Oltretutto nel caso specifico la Chiesa cattolica non aveva certo l’interesse a perpetuare le memorie di Napoleone già definito “Anticristo”, anche se la valorizzazione della verità storica ha connotato le innovazioni vaticane degli ultimi decenni e in particolare del presente pontificato e, se si accogliesse una simile ragione, si dovrebbero per assurdo giustificare “mutatis mutandis” con un’analoga logica le distruzioni monumentali operate recentemente da terroristi islamici dell’ISIS in nome di una malintesa coerenza religiosa. Né una qualche iniziativa di salvaguardia sembrerebbe essere stata assunta dall’Amministrazione comunale, considerando che l’imperatore e re d’Italia Napoleone Bonaparte è stato il vero fondatore e propugnatore dello Stato moderno borghese europeo e conseguentemente del pensiero politico di destra italiano, non già Dante Alighieri, politicamente schierato non solo all’interno del partito popolaresco ed antiaristocratico dei Guelfi ma altresì nella sua componente più libertaria e democratica, con buona pace dell’attuale ministro della cultura.
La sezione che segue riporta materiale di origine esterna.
(* Let $x=(x_1,\dots,x_p)$ and $y=(y_1,\dots,y_q)$ be disjoint tuples of variables, let $G(x)$, $H(y)$, $K(y)$ be homogeneous polynomials with $G\cdot H$ and $K$ homogeneous of the same degree $d$, and let $F = G(x)H(y)+K(y)$. Let $\alpha=\partial/\partial x_j$ for some $j$. Then $$r(F) \geq \big(\mathrm{al}(\alpha\circ G)-\mathrm{al}(\alpha^2\circ G)\big)\cdot \mathrm{al}(H).$$ In particular, for any $a\ge 1$, $r(x_1^a H(y)+K(y)) \geq \mathrm{al}(H)$.
   Context: Apolarity: differential operators $\partial/\partial x_i$, $\partial/\partial y_i$ act on polynomials by differentiation, written $\Theta\circ F$. $\mathrm{al}(G)$ is the apolar length: the dimension over $\mathbb{C}$ of the space of all partial derivatives of all orders of $G$ (including $G$ itself; $0$ if $G=0$). $r(F)$ is the Waring rank of $F$: the least $r$ with $F=\sum_{i=1}^r c_i\ell_i^d$ for linear forms $\ell_i$ and scalars $c_i$. *)

theory Defs
  imports Complex_Main "HOL-Library.Poly_Mapping"
begin

type_synonym cpoly = "(nat \<Rightarrow>\<^sub>0 nat) \<Rightarrow>\<^sub>0 complex"

definition cscale :: "complex \<Rightarrow> cpoly \<Rightarrow> cpoly" where
  "cscale c p = Poly_Mapping.map (\<lambda>a. c * a) p"

definition pvar :: "nat \<Rightarrow> cpoly" where
  "pvar i = Poly_Mapping.single (Poly_Mapping.single i 1) 1"

definition mon_deg :: "(nat \<Rightarrow>\<^sub>0 nat) \<Rightarrow> nat" where
  "mon_deg m = (\<Sum>i\<in>Poly_Mapping.keys m. Poly_Mapping.lookup m i)"

definition homogeneous :: "nat \<Rightarrow> cpoly \<Rightarrow> bool" where
  "homogeneous d p \<longleftrightarrow> (\<forall>m\<in>Poly_Mapping.keys p. mon_deg m = d)"

definition pvars :: "cpoly \<Rightarrow> nat set" where
  "pvars p = (\<Union>m\<in>Poly_Mapping.keys p. Poly_Mapping.keys m)"

lift_definition pderiv_var :: "nat \<Rightarrow> cpoly \<Rightarrow> cpoly" is
  "\<lambda>i p m. of_nat (Poly_Mapping.lookup m i + 1) * Poly_Mapping.lookup p (m + Poly_Mapping.single i 1)"
proof -
  fix i and p :: "(nat \<Rightarrow>\<^sub>0 nat) \<Rightarrow>\<^sub>0 complex"
  have "{m. of_nat (Poly_Mapping.lookup m i + 1) * Poly_Mapping.lookup p (m + Poly_Mapping.single i 1) \<noteq> (0::complex)}
        \<subseteq> (\<lambda>m. m - Poly_Mapping.single i 1) ` Poly_Mapping.keys p"
  proof
    fix m assume "m \<in> {m. of_nat (Poly_Mapping.lookup m i + 1) * Poly_Mapping.lookup p (m + Poly_Mapping.single i 1) \<noteq> (0::complex)}"
    then have "of_nat (Poly_Mapping.lookup m i + 1) * Poly_Mapping.lookup p (m + Poly_Mapping.single i 1) \<noteq> (0::complex)"
      by (rule CollectD)
    then have "Poly_Mapping.lookup p (m + Poly_Mapping.single i 1) \<noteq> 0"
      by (metis mult_zero_right)
    then have "m + Poly_Mapping.single i 1 \<in> Poly_Mapping.keys p"
      unfolding in_keys_iff .
    moreover have "m = (m + Poly_Mapping.single i 1) - Poly_Mapping.single i 1"
      by (rule add_diff_cancel_right'[symmetric])
    ultimately show "m \<in> (\<lambda>m. m - Poly_Mapping.single i 1) ` Poly_Mapping.keys p"
      by (rule image_eqI[rotated])
  qed
  then show "finite {m. of_nat (Poly_Mapping.lookup m i + 1) * Poly_Mapping.lookup p (m + Poly_Mapping.single i 1) \<noteq> (0::complex)}"
    by (rule finite_subset[OF _ finite_imageI[OF finite_keys]])
qed

inductive_set all_derivs :: "cpoly \<Rightarrow> cpoly set" for G where
  self: "G \<in> all_derivs G"
| step: "p \<in> all_derivs G \<Longrightarrow> pderiv_var i p \<in> all_derivs G"

definition apolar_length :: "cpoly \<Rightarrow> nat" where
  "apolar_length G = vector_space.dim cscale (all_derivs G)"

definition linear_form_in :: "nat set \<Rightarrow> cpoly \<Rightarrow> bool" where
  "linear_form_in V l \<longleftrightarrow> homogeneous 1 l \<and> pvars l \<subseteq> V"

definition waring_rank :: "nat set \<Rightarrow> nat \<Rightarrow> cpoly \<Rightarrow> nat" where
  "waring_rank V d F = (LEAST r. \<exists>c l. (\<forall>i<r. linear_form_in V (l i))
       \<and> F = (\<Sum>i<r. cscale (c i) (l i ^ d)))"

end

(*
  Let F = \<Sum>i<r. c\<^sub>i \<ell>\<^sub>i\<^sup>d be a Waring decomposition (one exists by polarization, so the
  LEAST in waring_rank is attained).  In \<alpha>\<circ>F only the r' \<le> r powers with \<alpha>\<circ>\<ell>\<^sub>i \<noteq> 0 survive, and a
  derivative of order t of \<alpha>\<circ>F is the image, under a linear map depending only on t, of a
  coefficient vector in \<complex>\<^sup>r\<^sup>'.  Normalised suitably, these vectors are unchanged by a further \<alpha>, so
  they span an increasing chain of subspaces of \<complex>\<^sup>r\<^sup>', and only the new directions of the chain
  produce derivatives that are not derivatives of \<alpha>\<^sup>2\<circ>F.  Hence al(\<alpha>\<circ>F) \<le> al(\<alpha>\<^sup>2\<circ>F) + r.
  For F = G(x)H(y) + K(y) we have \<alpha>\<circ>F = (\<alpha>\<circ>G)H, and the apolar length is multiplicative on
  products of polynomials in disjoint variables.  For G = x\<^sub>1\<^sup>a the form \<alpha>\<circ>G is nonzero, so its
  apolar length exceeds that of its derivative \<alpha>\<^sup>2\<circ>G.
*)

theory Submission
  imports Defs "HOL-Library.FuncSet"
begin

abbreviation lookup :: "('a \<Rightarrow>\<^sub>0 'b::zero) \<Rightarrow> 'a \<Rightarrow> 'b" where "lookup \<equiv> Poly_Mapping.lookup"
abbreviation keys :: "('a \<Rightarrow>\<^sub>0 'b::zero) \<Rightarrow> 'a set" where "keys \<equiv> Poly_Mapping.keys"
abbreviation single :: "'a \<Rightarrow> 'b::zero \<Rightarrow> 'a \<Rightarrow>\<^sub>0 'b" where "single \<equiv> Poly_Mapping.single"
Tuttavia ciò è avvenuto proprio nel periodo in cui, grazie anche a nuovi fondi europei, si era attivato un interesse interregionale per il recupero e la rivalutazione delle strutture architettoniche di età napoleonica, di cui le Marche e Senigallia sono particolarmente ricche, a seguito della devoluzione di beni regionali operata dallo stesso Napoleone per sovvenzionare le spese del viceré d’Italia Eugenio Beauharnais, di cui ha trattato altresì lo scrivente nella programmazione on line “Storie delle Marche”, intitolata appunto “I Napoleonidi e le loro sedi nelle Marche ottocentesche”, visibile con il link: https://youtu.be/0ft-7kzK-EY.
Probabilmente quindi, in questo gioco delle parti, l’ente ecclesiastico ha inteso procurarsi il massimo beneficio economico da utilizzare ai propri fini assistenzialistico-religiosi, la società immobiliare ha utilizzato i suoi strumenti di persuasione per i propri legittimi interessi, l’Amministrazione non ha voluto o potuto tutelare o acquisire un complesso storico-architettonico, come richiamo turistico di livello europeo, e la Soprintendenza ha concesso l’autorizzazione alla demolizione in quanto, secondo l’articolo apparso nel “Corriere Adriatico”, sarebbe stata compromessa “radicalmente la struttura architettonica originale” e le volumetrie e i rivestimenti interni sarebbero mutati, anche se l’aspetto esterno sembrerebbe sostanzialmente conservato, come si può verificare dal confronto dell’attuale stato, altresì on line su “Google Maps”, con l’immagine qui riproposta antecedente il distruttivo terremoto degli anni Trenta.